▶ **What is required**
Check each line of the records below for the word "under" and give the number of lines that have it, with nothing added.

──────────

(* Let $f:\mathcal X^n\to\mathcal T$, let $L:\mathcal T\times\mathcal T\to\mathbb R_+$ be a loss, $\varepsilon>0$, and let $M$ be an $L$-unbiased, $\varepsilon$-differentially private mechanism with values in $\mathcal T$. Then for all $x,x'\in\mathcal X^n$, $$\mathbb E[L(M(x),f(x))]\le e^{d_H(x,x')\varepsilon}\,\mathbb E[L(M(x'),f(x'))].$$
   Context: $d_H$ is the Hamming distance on $\mathcal X^n$; neighboring means $d_H\le1$. $M$ is $\varepsilon$-differentially private if $\mathbb P(M(x)\in S)\le e^\varepsilon\mathbb P(M(x')\in S)$ for all neighboring $x,x'$ and measurable $S$. $M$ is $L$-unbiased if $\mathbb E[L(M(x),f(x))]\le\mathbb E[L(M(x),t)]$ for all $x\in\mathcal X^n$, $t\in\mathcal T$. *)

theory Defs
  imports "HOL-Probability.Probability"
begin

text \<open>Datasets in X^n are lists of length n over the type 'a (the data universe X).\<close>

definition hamming :: "'a list \<Rightarrow> 'a list \<Rightarrow> nat" where
  "hamming x y = card {i. i < length x \<and> x ! i \<noteq> y ! i}"

definition is_mechanism :: "nat \<Rightarrow> 'b measure \<Rightarrow> ('a list \<Rightarrow> 'b measure) \<Rightarrow> bool" where
  "is_mechanism n T M \<longleftrightarrow>
     (\<forall>x. length x = n \<longrightarrow> prob_space (M x) \<and> sets (M x) = sets T)"

definition differentially_private ::
    "nat \<Rightarrow> 'b measure \<Rightarrow> real \<Rightarrow> ('a list \<Rightarrow> 'b measure) \<Rightarrow> bool" where
  "differentially_private n T \<epsilon> M \<longleftrightarrow>
     (\<forall>x x'. length x = n \<longrightarrow> length x' = n \<longrightarrow> hamming x x' \<le> 1 \<longrightarrow>
        (\<forall>S \<in> sets T. measure (M x) S \<le> exp \<epsilon> * measure (M x') S))"

definition expected_loss ::
    "('a list \<Rightarrow> 'b measure) \<Rightarrow> ('b \<Rightarrow> 'b \<Rightarrow> real) \<Rightarrow> 'a list \<Rightarrow> 'b \<Rightarrow> ennreal" where
  "expected_loss M L x t = (\<integral>\<^sup>+ y. ennreal (L y t) \<partial>M x)"

definition unbiased ::
    "nat \<Rightarrow> 'b measure \<Rightarrow> ('b \<Rightarrow> 'b \<Rightarrow> real) \<Rightarrow> ('a list \<Rightarrow> 'b) \<Rightarrow> ('a list \<Rightarrow> 'b measure) \<Rightarrow> bool" where
  "unbiased n T L f M \<longleftrightarrow>
     (\<forall>x. length x = n \<longrightarrow> (\<forall>t \<in> space T. expected_loss M L x (f x) \<le> expected_loss M L x t))"

end

theory Submission
  imports Defs
begin

text \<open>Changing one coordinate at a time, \<open>\<epsilon>\<close>-differential privacy yields
  \<open>P(M x \<in> S) \<le> e\<^bsup>d\<^sub>H(x,x')\<epsilon>\<^esup> P(M x' \<in> S)\<close>
  (group privacy). Hence \<open>M x\<close> is dominated by \<open>M x'\<close> scaled by \<open>e\<^bsup>d\<^sub>H(x,x')\<epsilon>\<^esup>\<close>,
  so every nonnegative expected loss under \<open>M x\<close> is at most that factor times the one
  under \<open>M x'\<close>. Unbiasedness at \<open>x\<close>, applied to the target \<open>f x'\<close>, lets us
  replace \<open>f x\<close> by \<open>f x'\<close> before changing the measure.\<close>

lemma hamming_eq_0_iff:
  assumes "length x = length y"
  shows "hamming x y = 0 \<longleftrightarrow> x = y"
  using assms by (auto simp: hamming_def intro: nth_equalityI)

lemma hamming_Suc_obtain:
  assumes len: "length x = length x'" and d: "hamming x x' = Suc d"
  obtains y where "length y = length x" "hamming x y = 1" "hamming y x' = d"
proof -
  let ?D = "{i. i < length x \<and> x ! i \<noteq> x' ! i}"
  have card_D: "card ?D = Suc d"
    using d by (simp add: hamming_def)
  then obtain i where i: "i \<in> ?D"
    by (metis card.empty ex_in_conv nat.distinct(1))
  define y where "y = x[i := x' ! i]"
  have "{j. j < length x \<and> x ! j \<noteq> y ! j} = {i}"
    using i by (auto simp: y_def nth_list_update)
  hence "hamming x y = 1"
    by (simp add: hamming_def)
  moreover have "{j. j < length y \<and> y ! j \<noteq> x' ! j} = ?D - {i}"
    using i by (auto simp: y_def nth_list_update)
  hence "hamming y x' = d"
    using i card_D by (simp add: hamming_def)
  moreover have "length y = length x"
    by (simp add: y_def)
  ultimately show thesis
    using that by blast
qed

lemma differentially_private_group:
  assumes dp: "differentially_private n T \<epsilon> M" and eps: "\<epsilon> \<ge> 0"
    and x: "length x = n" and x': "length x' = n" and S: "S \<in> sets T"
  shows "measure (M x) S \<le> exp (real (hamming x x') * \<epsilon>) * measure (M x') S"
  using x
proof (induction "hamming x x'" arbitrary: x)
  case 0
  hence "x = x'"
    using x' hamming_eq_0_iff by metis
  thus ?case
    by (simp add: hamming_def)
next
  case (Suc d)
  then obtain y where y: "length y = n" "hamming x y = 1" "hamming y x' = d"
    using x' by (metis hamming_Suc_obtain)
  have "measure (M x) S \<le> exp \<epsilon> * measure (M y) S"
    using dp Suc.prems y S unfolding differentially_private_def by simp
  also have "\<dots> \<le> exp \<epsilon> * (exp (real d * \<epsilon>) * measure (M x') S)"
    using Suc.hyps(1)[of y] y by (intro mult_left_mono) auto
  also have "\<dots> = exp (real (Suc d) * \<epsilon>) * measure (M x') S"
    by (simp add: exp_add[symmetric] algebra_simps)
  finally show ?case
    using Suc.hyps(2) by simp
qed

lemma nn_integral_le_cmult_if_emeasure_le:
  assumes sets_eq: "sets M = sets N"
    and le: "\<And>A. A \<in> sets N \<Longrightarrow> emeasure M A \<le> c * emeasure N A"
    and f: "f \<in> borel_measurable N"
  shows "(\<integral>\<^sup>+ y. f y \<partial>M) \<le> c * (\<integral>\<^sup>+ y. f y \<partial>N)"
proof -
  let ?cN = "density N (\<lambda>_. c)"
  have sets_cN: "sets ?cN = sets M"
    using sets_eq by simp
  have "emeasure M A \<le> emeasure ?cN A" for A
    using le sets_eq by (cases "A \<in> sets N") (simp_all add: emeasure_density_const emeasure_notin_sets)
  hence "M \<le> ?cN"
    using sets_cN sets_eq_imp_space_eq[OF sets_cN] by (simp add: le_measure_iff le_fun_def)
  hence "(\<integral>\<^sup>+ y. f y \<partial>M) \<le> (\<integral>\<^sup>+ y. f y \<partial>?cN)"
    using sets_cN by (intro nn_integral_mono_measure) auto
  also have "\<dots> = c * (\<integral>\<^sup>+ y. f y \<partial>N)"
    using f by (simp add: nn_integral_density nn_integral_cmult)
  finally show ?thesis .
qed

theorem lemmaA2:
  fixes n :: nat and T :: "'b measure" and f :: "'a list \<Rightarrow> 'b"
    and L :: "'b \<Rightarrow> 'b \<Rightarrow> real" and \<epsilon> :: real and M :: "'a list \<Rightarrow> 'b measure"
  assumes f_range: "\<And>x. length x = n \<Longrightarrow> f x \<in> space T"
    and L_nonneg: "\<And>s t. s \<in> space T \<Longrightarrow> t \<in> space T \<Longrightarrow> L s t \<ge> 0"
    and L_meas: "\<And>t. t \<in> space T \<Longrightarrow> (\<lambda>s. L s t) \<in> borel_measurable T"
    and eps_pos: "\<epsilon> > 0"
    and mech: "is_mechanism n T M"
    and unb: "unbiased n T L f M"
    and dp: "differentially_private n T \<epsilon> M"
    and x: "length x = n" and x': "length x' = n"
  shows "expected_loss M L x (f x) \<le> ennreal (exp (real (hamming x x') * \<epsilon>)) * expected_loss M L x' (f x')"
proof -
  let ?c = "exp (real (hamming x x') * \<epsilon>)"
  have Mx: "prob_space (M x)" "sets (M x) = sets T"
    and Mx': "prob_space (M x')" "sets (M x') = sets T"
    using mech x x' by (auto simp: is_mechanism_def)
  have dominated: "emeasure (M x) A \<le> ennreal ?c * emeasure (M x') A" if "A \<in> sets (M x')" for A
    using differentially_private_group[OF dp _ x x', of A] eps_pos that Mx Mx'
    by (simp add: prob_space_def finite_measure.emeasure_eq_measure ennreal_mult[symmetric] ennreal_leI)
  have "(\<lambda>s. ennreal (L s (f x'))) \<in> borel_measurable (M x')"
    unfolding measurable_cong_sets[OF Mx'(2) refl]
    using L_meas[OF f_range[OF x']] by (rule measurable_compose[OF _ measurable_ennreal])
  hence "expected_loss M L x (f x') \<le> ennreal ?c * expected_loss M L x' (f x')"
    unfolding expected_loss_def
    using Mx'(2) Mx(2) dominated by (intro nn_integral_le_cmult_if_emeasure_le) auto
  moreover have "expected_loss M L x (f x) \<le> expected_loss M L x (f x')"
    using unb x f_range[OF x'] unfolding unbiased_def by blast
  ultimately show ?thesis
    by order
qed

end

──────────

▶ **Task solution**
2